536 lines (405 loc) · 21.1 KB

LinAlg Matrix MLP — Getting Started Guide

A step-by-step guide for using DirectX 12 LinAlg Matrix to run MLP inference and training with the MiniDXNN library (include/minidxnn/hlsl/mlp.hlsl).


Table of Contents

  1. Prerequisites & Installation
  2. Creating a D3D12 Context with Experimental Features
  3. Feature Support Check
  4. Preparing Weight Matrices for LinAlg Matrix
  5. Preparing Bias Vectors
  6. Compiling Compute Shaders with SM 6.10
  7. Using mlp.hlsl for Inference
  8. Using mlp.hlsl for Training
  9. Source Code Reference Map

Prerequisites & Installation

1. GPU Driver

Install a driver that supports Shader Model 6.10 and LinAlg Matrix:

2. Windows Developer Mode

LinAlg Matrix requires experimental shader models, which requires Windows Developer Mode.

  1. Open Settings → Update & Security → For developers
  2. Enable Developer Mode

See Microsoft's guide for details.

3. Agility SDK

MiniDXNN uses Agility SDK 1.721-preview to access the latest D3D12 features. The SDK is auto-downloaded by CMake when building this project (placed in third_party/gfx_dep/gfx/third_party/).
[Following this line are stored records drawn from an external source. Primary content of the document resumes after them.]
definition partial_below_event :: "nat \<Rightarrow> real \<Rightarrow> real \<Rightarrow> _ set" where
  "partial_below_event K t y = {\<omega>\<in>space jump_space. \<gamma>0 * t + partial_jumps K t \<omega> \<le> y}"

definition below_event :: "real \<Rightarrow> real \<Rightarrow> _ set" where
  "below_event t y = (\<Inter>K. partial_below_event K t y)"

text \<open>The probability that the subordinator with drift \<open>\<gamma>0\<close> and Levy measure \<open>\<nu>\<close>, killed at
  rate \<open>c\<close>, is alive at time \<open>t\<close> and has not passed level \<open>y\<close>.\<close>
definition alive_below_prob :: "real \<Rightarrow> real \<Rightarrow> real" where
  "alive_below_prob t y = exp (- c * max 0 t) * measure jump_space (below_event t y)"

lemma partial_below_event_sets [measurable]: "partial_below_event K t y \<in> sets jump_space"
  unfolding partial_below_event_def by measurable

lemma below_event_sets [measurable]: "below_event t y \<in> sets jump_space"
  unfolding below_event_def by (intro sets.countable_INT) auto

lemma partial_below_event_mono: "y \<le> y' \<Longrightarrow> partial_below_event K t y \<subseteq> partial_below_event K t y'"
  by (auto simp: partial_below_event_def)

lemma partial_below_event_antimono:
  assumes "K \<le> K'"
  shows "partial_below_event K' t y \<subseteq> partial_below_event K t y"
proof
  fix \<omega> assume "\<omega> \<in> partial_below_event K' t y"
  moreover have "partial_jumps K t \<omega> \<le> partial_jumps K' t \<omega>"
    by (rule partial_jumps_mono[OF assms])
  ultimately show "\<omega> \<in> partial_below_event K t y"
    by (auto simp: partial_below_event_def)
qed

lemma below_event_mono: "y \<le> y' \<Longrightarrow> below_event t y \<subseteq> below_event t y'"
  unfolding below_event_def using partial_below_event_mono by blast

lemma below_event_antimono_time: "0 \<le> t \<Longrightarrow> t \<le> t' \<Longrightarrow> below_event t' y \<subseteq> below_event t y"
proof -
  assume t: "0 \<le> t" "t \<le> t'"
  have "\<gamma>0 * t + partial_jumps K t \<omega> \<le> \<gamma>0 * t' + partial_jumps K t' \<omega>" for K \<omega>
    using t \<gamma>0_nonneg partial_jumps_mono_time[OF t(2)] by (intro add_mono mult_left_mono) auto
  then show ?thesis
    unfolding below_event_def partial_below_event_def by (auto intro: order_trans)
qed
If integrating manually, download the NuGet package and place the D3D12 runtime DLLs (D3D12Core.dll, d3d12SDKLayers.dll) in a D3D12/ subdirectory next to your executable.

4. DirectX Shader Compiler (DXC)

Download DXC v1.10.2605.4 or later. This version supports SM 6.10 and the dx/linalg.h system header.

Compile with:

dxc -I ./include/hlsl -T cs_6_10 -enable-16bit-types my_shader.hlsl

Note: The -I path must include the directory containing dx/linalg.h, which ships with DXC 1.10+.

5. Build MiniDXNN

git clone --recursive https://github.com/amdadvtech/MiniDXNN.git
cd MiniDXNN
cmake -B build
cmake --build build --config Release

Creating a D3D12 Context with Experimental Features

As of early 2026, LinAlg Matrix requires enabling experimental shader models before device creation.

Raw D3D12 API

#include <d3d12.h>

// Must be called BEFORE ID3D12Device creation
HRESULT enableExperimental()
{
    UUID features[] = { D3D12ExperimentalShaderModels };
    return D3D12EnableExperimentalFeatures(
        _countof(features), features, nullptr, nullptr);
}

// Then create the device normally
ComPtr<ID3D12Device> device;
D3D12CreateDevice(adapter, D3D_FEATURE_LEVEL_12_0, IID_PPV_ARGS(&device));

⚠️ Windows Developer Mode must be enabled, or D3D12EnableExperimentalFeatures will fail.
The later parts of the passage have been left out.